I tragici fatti di Parigi hanno scoperto un vaso di Pandora ancora chiuso però solo per gli occidentali; dalla seconda guerra mondiale ad oggi, fatta eccezione per le due guerre nell’ex Jugoslavia, l’Europa vive in pace all’interno dei suoi confini. All’esterno, però, qualcosa è cambiato. Da un quarto di secolo a questa parte, i conflitti in Medio Oriente hanno destabilizzato non solo l’intera area, ma intere zone del globo un tempo apparentemente calme.
Oggi, l’Europa sarebbe di nuovo in guerra, ma contro chi? Contro il fondamentalismo islamico, direbbero in molti. Forse sì, ma dipende. Da cosa? Dal nemico o… dall’interesse.
Quella che l’Occidente chiama guerra al terrore è una guerra per il controllo delle fonti fossili, per il possesso di petrolio e gas naturali. In un suo articolo, il giornalista Sergio Ferraris fa un’analisi ponderata e lucida su quella che può essere la vera matrice di questa “terza guerra mondiale a pezzi”, come la definisce papa Francesco: l’energia.

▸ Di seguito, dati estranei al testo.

lemma sigma_finite_lebesgue: "sigma_finite_measure (lebesgue :: 'a::euclidean_space measure)"
proof
  obtain A :: "'a set set" where "countable A" "A \<subseteq> sets lborel" "\<Union>A = space lborel"
      "\<forall>a\<in>A. emeasure lborel a \<noteq> \<infinity>"
    using lborel.sigma_finite_countable by blast
  then show "\<exists>A. countable A \<and> A \<subseteq> sets (lebesgue::'a measure) \<and> \<Union>A = space lebesgue
      \<and> (\<forall>a\<in>A. emeasure lebesgue a \<noteq> \<infinity>)"
    by (intro exI[of _ A]) auto
qed

lemma borel_measurable_lebesgueI:
  "f \<in> borel_measurable borel \<Longrightarrow> (f :: 'a::euclidean_space \<Rightarrow> 'b::topological_space) \<in> borel_measurable lebesgue"
  by (metis measurable_lborel2 measurable_completion)

lemma fst_borel_measurable_lebesgue_pair [measurable]:
  "fst \<in> borel_measurable ((lebesgue :: 'a::euclidean_space measure) \<Otimes>\<^sub>M (lebesgue :: 'b::euclidean_space measure))"
  using measurable_compose[OF measurable_fst id_borel_measurable_lebesgue] by (simp add: o_def id_def)

lemma snd_borel_measurable_lebesgue_pair [measurable]:
  "snd \<in> borel_measurable ((lebesgue :: 'a::euclidean_space measure) \<Otimes>\<^sub>M (lebesgue :: 'b::euclidean_space measure))"
  using measurable_compose[OF measurable_snd id_borel_measurable_lebesgue] by (simp add: o_def id_def)

lemma set_integrable_mult_bounded:
  fixes f g :: "'a \<Rightarrow> real"
  assumes f: "set_integrable M A f" and g: "g \<in> borel_measurable M" and g_bound: "\<And>y. \<bar>g y\<bar> \<le> c"
  shows "set_integrable M A (\<lambda>y. g y * f y)"
proof (rule set_integrable_bound[of M A "\<lambda>y. c * f y"])
  show "set_integrable M A (\<lambda>y. c * f y)" using f by simp
  have "(\<lambda>y. indicator A y *\<^sub>R f y) \<in> borel_measurable M"
    using f by (simp add: set_integrable_def)
  then show "set_borel_measurable M A (\<lambda>y. g y * f y)"
    unfolding set_borel_measurable_def using g by (simp add: mult.left_commute)
  have "\<bar>g y * f y\<bar> \<le> \<bar>c * f y\<bar>" for y
    using g_bound[of y] by (simp add: abs_mult mult_right_mono)
  then show "AE y in M. y \<in> A \<longrightarrow> norm (g y * f y) \<le> norm (c * f y)" by simp
qed

lemma nn_set_integral_le_indicator_plus_const:
  assumes "A \<in> fmeasurable M" "\<Omega> \<in> fmeasurable M" "0 \<le> a" "0 \<le> c"
    and bound: "\<And>x. x \<in> \<Omega> \<Longrightarrow> f x \<le> a * indicator A x + c"
  shows "(\<integral>\<^sup>+x\<in>\<Omega>. ennreal (f x) \<partial>M) \<le> ennreal (a * measure M A + c * measure M \<Omega>)"
proof -
  have "(\<integral>\<^sup>+x\<in>\<Omega>. ennreal (f x) \<partial>M) \<le> (\<integral>\<^sup>+x. ennreal a * indicator A x + ennreal c * indicator \<Omega> x \<partial>M)"
    using bound assms(3,4)
    by (intro nn_integral_mono)
      (fastforce simp: indicator_def ennreal_plus[symmetric] simp del: ennreal_plus dest: bound)
  also have "\<dots> = ennreal a * emeasure M A + ennreal c * emeasure M \<Omega>"
    using assms(1,2) by (simp add: nn_integral_add nn_integral_cmult_indicator)
  also have "\<dots> = ennreal (a * measure M A + c * measure M \<Omega>)"
    using assms by (simp add: emeasure_eq_measure2 ennreal_mult)
  finally show ?thesis .
qed

lemma integral_operator_L1_bound:
  fixes k :: "'a \<Rightarrow> 'b \<Rightarrow> real" and f :: "'b \<Rightarrow> real"
  assumes "sigma_finite_measure M" "sigma_finite_measure N"
    and k_meas: "case_prod k \<in> borel_measurable (M \<Otimes>\<^sub>M N)"
    and k_nonneg: "\<And>x y. 0 \<le> k x y"
    and column_bound: "\<And>y. y \<in> space N \<Longrightarrow> (\<integral>\<^sup>+x. k x y \<partial>M) \<le> ennreal B"
    and "B \<ge> 0" and f: "integrable N f"
  shows "integrable M (\<lambda>x. \<integral>y. k x y * f y \<partial>N)"
    and "(\<integral>x. \<bar>\<integral>y. k x y * f y \<partial>N\<bar> \<partial>M) \<le> B * (\<integral>y. \<bar>f y\<bar> \<partial>N)"
proof -
  interpret N: sigma_finite_measure N by fact
  interpret MN: pair_sigma_finite M N using assms(1,2) by (simp add: pair_sigma_finite_def)
  have f_meas [measurable]: "f \<in> borel_measurable N" using f by (rule borel_measurable_integrable)
  note [measurable] = k_meas
  define T where "T x = (\<integral>y. k x y * f y \<partial>N)" for x
  have T_meas: "T \<in> borel_measurable M"
    unfolding T_def by measurable
  have T_pointwise: "ennreal \<bar>T x\<bar> \<le> (\<integral>\<^sup>+y. k x y * ennreal \<bar>f y\<bar> \<partial>N)" for x
  proof (cases "integrable N (\<lambda>y. k x y * f y)")
    case True
    then have "ennreal \<bar>T x\<bar> \<le> (\<integral>\<^sup>+y. norm (k x y * f y) \<partial>N)"
      unfolding T_def using integral_norm_bound_ennreal by (metis real_norm_def)
    also have "\<dots> = (\<integral>\<^sup>+y. k x y * ennreal \<bar>f y\<bar> \<partial>N)"
      using k_nonneg by (intro nn_integral_cong) (simp add: abs_mult ennreal_mult)
    finally show ?thesis .
  qed (simp add: T_def not_integrable_integral_eq)
  have f_norm: "(\<integral>\<^sup>+y. ennreal \<bar>f y\<bar> \<partial>N) = ennreal (\<integral>y. \<bar>f y\<bar> \<partial>N)"
    using f by (intro nn_integral_eq_integral) auto
  have "(\<integral>\<^sup>+x. ennreal \<bar>T x\<bar> \<partial>M) \<le> (\<integral>\<^sup>+x. \<integral>\<^sup>+y. k x y * ennreal \<bar>f y\<bar> \<partial>N \<partial>M)"
    by (intro nn_integral_mono T_pointwise)
  also have "\<dots> = (\<integral>\<^sup>+y. \<integral>\<^sup>+x. k x y * ennreal \<bar>f y\<bar> \<partial>M \<partial>N)"
    by (intro MN.Fubini'[symmetric]) measurable
  also have "\<dots> = (\<integral>\<^sup>+y. (\<integral>\<^sup>+x. k x y \<partial>M) * ennreal \<bar>f y\<bar> \<partial>N)"
    by (intro nn_integral_cong nn_integral_multc) measurable
  also have "\<dots> \<le> (\<integral>\<^sup>+y. ennreal B * ennreal \<bar>f y\<bar> \<partial>N)"
    by (intro nn_integral_mono mult_right_mono column_bound) auto
  also have "\<dots> = ennreal (B * (\<integral>y. \<bar>f y\<bar> \<partial>N))"
    using \<open>B \<ge> 0\<close> by (simp add: nn_integral_cmult f_norm ennreal_mult)
  finally have T_norm: "(\<integral>\<^sup>+x. ennreal \<bar>T x\<bar> \<partial>M) \<le> ennreal (B * (\<integral>y. \<bar>f y\<bar> \<partial>N))" .
  show T_int: "integrable M T"
    using T_norm by (intro integrableI_bounded T_meas) (simp add: le_less_trans)
  have "ennreal (\<integral>x. \<bar>T x\<bar> \<partial>M) = (\<integral>\<^sup>+x. ennreal \<bar>T x\<bar> \<partial>M)"
    using T_int by (intro nn_integral_eq_integral[symmetric]) auto
  with T_norm have "ennreal (\<integral>x. \<bar>T x\<bar> \<partial>M) \<le> ennreal (B * (\<integral>y. \<bar>f y\<bar> \<partial>N))"
    by simp
  then show "(\<integral>x. \<bar>T x\<bar> \<partial>M) \<le> B * (\<integral>y. \<bar>f y\<bar> \<partial>N)"
    using \<open>B \<ge> 0\<close> by (simp add: integral_nonneg_AE)
qed

lemma inverse_scale_bound_cases:
  fixes sx sy d e n \<kappa> :: real
  assumes "0 < \<kappa>" "1 \<le> n" "0 < sx" "0 < sy" "\<bar>sx - sy\<bar> \<le> d"
    and "\<kappa> * sx\<^sup>2 \<le> e" "e \<le> sx\<^sup>2" "d < e / n"
  shows "(n / e \<le> 9 / (4 * \<kappa>) * (n / sy\<^sup>2) \<and> d < 4 * sy\<^sup>2 / n) \<or> n / e \<le> 4 / \<kappa>"
proof -
  have e_pos: "0 < e" using assms(1,3,6) by (smt (verit) mult_pos_pos zero_less_power)
  have d_lt: "d < sx\<^sup>2 / n" using assms(2,7,8) by (smt (verit) divide_right_mono)
  show ?thesis
  proof (cases "sx \<le> n / 2")
    case True
    have "sx\<^sup>2 / n \<le> sx / 2" using True assms(2,3) by (simp add: power2_eq_square field_simps)
    with d_lt assms(5) have sx_lt: "sx < 2 * sy" and sx_ge: "2 * sy / 3 \<le> sx" by linarith+
    have "sx\<^sup>2 < (2 * sy)\<^sup>2" using sx_lt assms(3) by (intro power_strict_mono) auto
    then have "sx\<^sup>2 / n < 4 * sy\<^sup>2 / n" using assms(2) by (simp add: divide_strict_right_mono)
    with d_lt have "d < 4 * sy\<^sup>2 / n" by linarith
    moreover have "\<kappa> * (4 * sy\<^sup>2 / 9) \<le> e"
    proof -
      have "(2 * sy / 3)\<^sup>2 \<le> sx\<^sup>2" using sx_ge assms(4) by (intro power_mono) auto
      then have "\<kappa> * (4 * sy\<^sup>2 / 9) \<le> \<kappa> * sx\<^sup>2" using assms(1) by (simp add: power2_eq_square)
      with assms(6) show ?thesis by linarith
    qed
    then have "n / e \<le> n / (\<kappa> * (4 * sy\<^sup>2 / 9))"
      using assms(1,2,4) e_pos by (intro divide_left_mono) auto
    then have "n / e \<le> 9 / (4 * \<kappa>) * (n / sy\<^sup>2)" using assms(1,4) by (simp add: field_simps)
    ultimately show ?thesis by blast
  next
    case False
    have "\<kappa> * (n\<^sup>2 / 4) \<le> e"
    proof -
      have "(n / 2)\<^sup>2 \<le> sx\<^sup>2" using False assms(2) by (intro power_mono) auto
      then have "\<kappa> * (n\<^sup>2 / 4) \<le> \<kappa> * sx\<^sup>2" using assms(1) by (simp add: power2_eq_square)
      with assms(6) show ?thesis by linarith
    qed
    then have "n / e \<le> n / (\<kappa> * (n\<^sup>2 / 4))"
      using assms(1,2) e_pos by (intro divide_left_mono) auto
    also have "\<dots> = 4 / \<kappa> / n" using assms(1,2) by (simp add: field_simps power2_eq_square)
    also have "\<dots> \<le> 4 / \<kappa>" using assms(1,2) by (simp add: divide_le_eq)
    finally show ?thesis by blast
  qed
qed

lemma smooth_on_imp_continuous_on: "smooth_on S f \<Longrightarrow> continuous_on S f"
  by (metis smooth_on_def Ck_on.simps(1))

lemma Mrho_nonneg: "(\<And>z. 0 \<le> \<rho> z) \<Longrightarrow> 0 \<le> Mrho \<rho>"
  unfolding Mrho_def set_lebesgue_integral_def by (simp add: integral_nonneg_AE)

lemma Cn_eq: "Cn \<rho> \<eta> n x = Mrho \<rho> * (real n / \<eta> x) ^ DIM('a)"
  for \<eta> :: "'a::euclidean_space \<Rightarrow> real"
  by (simp add: Cn_def power_divide)

lemma Cn_nonneg: "(\<And>z. 0 \<le> \<rho> z) \<Longrightarrow> 0 < \<eta> x \<Longrightarrow> 0 \<le> Cn \<rho> \<eta> n x"
  by (simp add: Cn_eq Mrho_nonneg)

Energia del terrore? L’Occidente in politica energetica non le ha mai mandate a dire; gestire l’energia significa avere tra le mani il potere: lo sanno gli americani, i francesi, gli inglesi, gli italiani, i sauditi. Divide et impera è la filosofia occidentale in campo energetico. Un’economia non si mantiene senza fonti energetiche, le nostre auto non circolano, i nostri elettrodomestici non funzionano, le nostre città non sarebbero illuminate di notte, non avremmo acqua corrente in casa. Nel resto del mondo, però, il contrario del vivere occidentale è la regola.

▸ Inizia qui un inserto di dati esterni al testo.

text \<open>Extend a P-basis of the P-closure of \<open>Z(F) \<inter> \<Omega>\<close>, chosen inside \<open>Z(F) \<inter> \<Omega>\<close>, to
  a P-basis of \<open>\<Omega>\<close>.\<close>

lemma exists_P_basis_hamming_eval_eq_skew_weight:
  assumes "P_closed \<sigma> \<delta> \<Omega>" "P_basis \<sigma> \<delta> B \<Omega>" "finite B"
  obtains A where "P_basis \<sigma> \<delta> A \<Omega>" "hamming_eval \<sigma> \<delta> A F = skew_weight \<sigma> \<delta> \<Omega> F"
proof -
  define T where "T = zeros_of \<sigma> \<delta> {F} \<inter> \<Omega>"
  obtain G where G: "G \<in> I \<Omega>" "G \<noteq> 0"
    using vanishing_poly_if_finite_P_basis[OF assms(2,3)] by blast
  then have "G \<in> I T"
    using vanishing_ideal_antimono[of T \<Omega>] by (auto simp: T_def)
  have "indep {}"
    by (simp add: P_independent_def)
  then obtain C where C: "C \<subseteq> T" "indep C" "T \<subseteq> cl C"
    by (rule exists_P_independent_spanning[OF \<open>G \<in> I T\<close> G(2) empty_subsetI])
  have "C \<subseteq> \<Omega>"
    using C(1) by (simp add: T_def)
  then obtain A where A: "C \<subseteq> A" "A \<subseteq> \<Omega>" "indep A" "\<Omega> \<subseteq> cl A"
    by (rule exists_P_independent_spanning[OF G _ C(2)])
  have "cl A \<subseteq> \<Omega>"
    using P_closure_mono[OF A(2)] assms(1) by (simp add: P_closed_def)
  with A have basis: "P_basis \<sigma> \<delta> A \<Omega>"
    by (auto simp: P_basis_def)
  have "finite C"
    using P_independent_finite_card_le[OF \<open>G \<in> I T\<close> G(2) C(1,2)] by blast
  then obtain G\<^sub>C where G\<^sub>C: "G\<^sub>C \<in> I C" "G\<^sub>C \<noteq> 0" "degree G\<^sub>C = card C"
    using P_rank_witness_finite[OF \<open>finite C\<close>] P_rank_P_independent[OF \<open>finite C\<close> C(2)] by auto
  have "I C \<subseteq> I T"
    using vanishing_ideal_antimono[OF C(3)] vanishing_ideal_P_closure[of C] by simp
  then have "rk T \<le> card C"
    using P_rank_le_degree[of G\<^sub>C T] G\<^sub>C by auto
  also have "\<dots> \<le> card {a\<in>A. ev F a = 0}"
    using A(1) C(1) P_basis_card[OF assms(2,3) basis]
    by (intro card_mono) (auto simp: T_def mem_zeros_of_singleton)
  finally have "hamming_eval \<sigma> \<delta> A F \<le> skew_weight \<sigma> \<delta> \<Omega> F"
    using P_basis_card[OF assms(2,3) basis] hamming_eval_eq_card_diff[of A F]
    by (simp add: skew_weight_def flip: T_def)
  with skew_weight_le_hamming_eval[OF assms(2,3) basis, of F] show thesis
    using that[OF basis] by simp
qed

end

theorem mainTheorem3:
  fixes \<sigma> \<delta> :: "'a::division_ring \<Rightarrow> 'a" and \<Omega> B :: "'a set" and F :: "'a poly" and n :: nat
  assumes "ring_endo \<sigma>" and "sigma_derivation \<sigma> \<delta>"
    and "P_closed \<sigma> \<delta> \<Omega>" and "P_basis \<sigma> \<delta> B \<Omega>" and "finite B"
    and "n = P_rank \<sigma> \<delta> \<Omega>"
    and "F \<in> skew_polys_lt n"
  shows "skew_weight \<sigma> \<delta> \<Omega> F = Min {hamming_eval \<sigma> \<delta> A F | A. P_basis \<sigma> \<delta> A \<Omega>}
     \<and> skew_weight \<sigma> \<delta> \<Omega> F \<le> hamming_eval \<sigma> \<delta> B F"
proof -
  let ?S = "{hamming_eval \<sigma> \<delta> A F | A. P_basis \<sigma> \<delta> A \<Omega>}"
  have lower: "skew_weight \<sigma> \<delta> \<Omega> F \<le> hamming_eval \<sigma> \<delta> A F" if "P_basis \<sigma> \<delta> A \<Omega>" for A
    using skew_weight_le_hamming_eval[OF assms(1,2,4,5) that] .
  obtain A where "P_basis \<sigma> \<delta> A \<Omega>" "hamming_eval \<sigma> \<delta> A F = skew_weight \<sigma> \<delta> \<Omega> F"
    using exists_P_basis_hamming_eval_eq_skew_weight[OF assms(1-5)] by blast
  then have "skew_weight \<sigma> \<delta> \<Omega> F \<in> ?S"
    by force
  moreover have "?S \<subseteq> {..P_rank \<sigma> \<delta> \<Omega>}"
    using P_basis_card[OF assms(1,2,4,5)] hamming_eval_eq_card_diff[OF assms(1,2)] by fastforce
  then have "finite ?S"
    using finite_subset by blast
  ultimately have "Min ?S = skew_weight \<sigma> \<delta> \<Omega> F"
    using lower by (intro Min_eqI) auto
  then show ?thesis
    using lower[OF assms(4)] by simp
qed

Una guerra è più importante di un’altra semplicemente perché diviene custode degli interessi dei paesi che governano il mondo. A chi importa dei conflitti etnici africani? Cosa tolgono agli occidentali? Nulla. A chi importa dei conflitti in Medio Oriente o sul Delta del Niger? Molti, perché il petrolio si trova proprio lì: non possiamo permettere ai terroristi o ai “paesi canaglia” di avere il controllo sulla nostra vita.
L’energia del terrore non è solo quella che l’Isis o Califfato come dir si voglia ha creato tra Siria e Iraq; l’energia del terrore appartiene a tutti noi, ogni volta che inseriamo una spina nella presa di corrente. Non vuole essere questo un pensiero semplicistico o anti occidentale, né una giustificazione del terrorismo islamico, che affonda le sue radici in un contesto storico ben più lontano, di qualche secolo, quando l’Occidente cristiano e l’Oriente musulmano si scontravano per il controllo e la supremazia del Mediterraneo.
Dietro l’odio religioso, fomentato sia da una parte del mondo musulmano sia da una parte del mondo occidentale, si nasconde molto bene l’interesse all’affermazione del potere energetico, supportato anche e sopratutto dai paesi arabi definiti “moderati”, che hanno tutto l’interesse economico nel vendere il proprio petrolio.
Dobbiamo avere terrore dell’energia? Bisogna cominciare ad essere consapevoli che lo scontro di civiltà in atto è diverso da quello avuto negli ultimi cento anni. Per giustificare una guerra la si è dovuta definire “santa”, cospargerla di combustibile religioso, interpretare a proprio modo una lettura sacra e scagliare contro inermi cittadini la rabbia repressa per decenni, se non secoli.
Finché saremo dipendenti dalle energie fossili non ci sarà pace; una lenta ma inesorabile conversione alla produzione di energia alternativa, che possiamo definire democratica perché alla portata di tutti i popoli, è l’unica strada da percorrere. Ci vorrà tempo, ma è una inevitabile strada da percorrere a tappe forzate, come sarebbe irrealistico pensare che, da domani, il sole e il vento possano mandare avanti un mondo energivoro.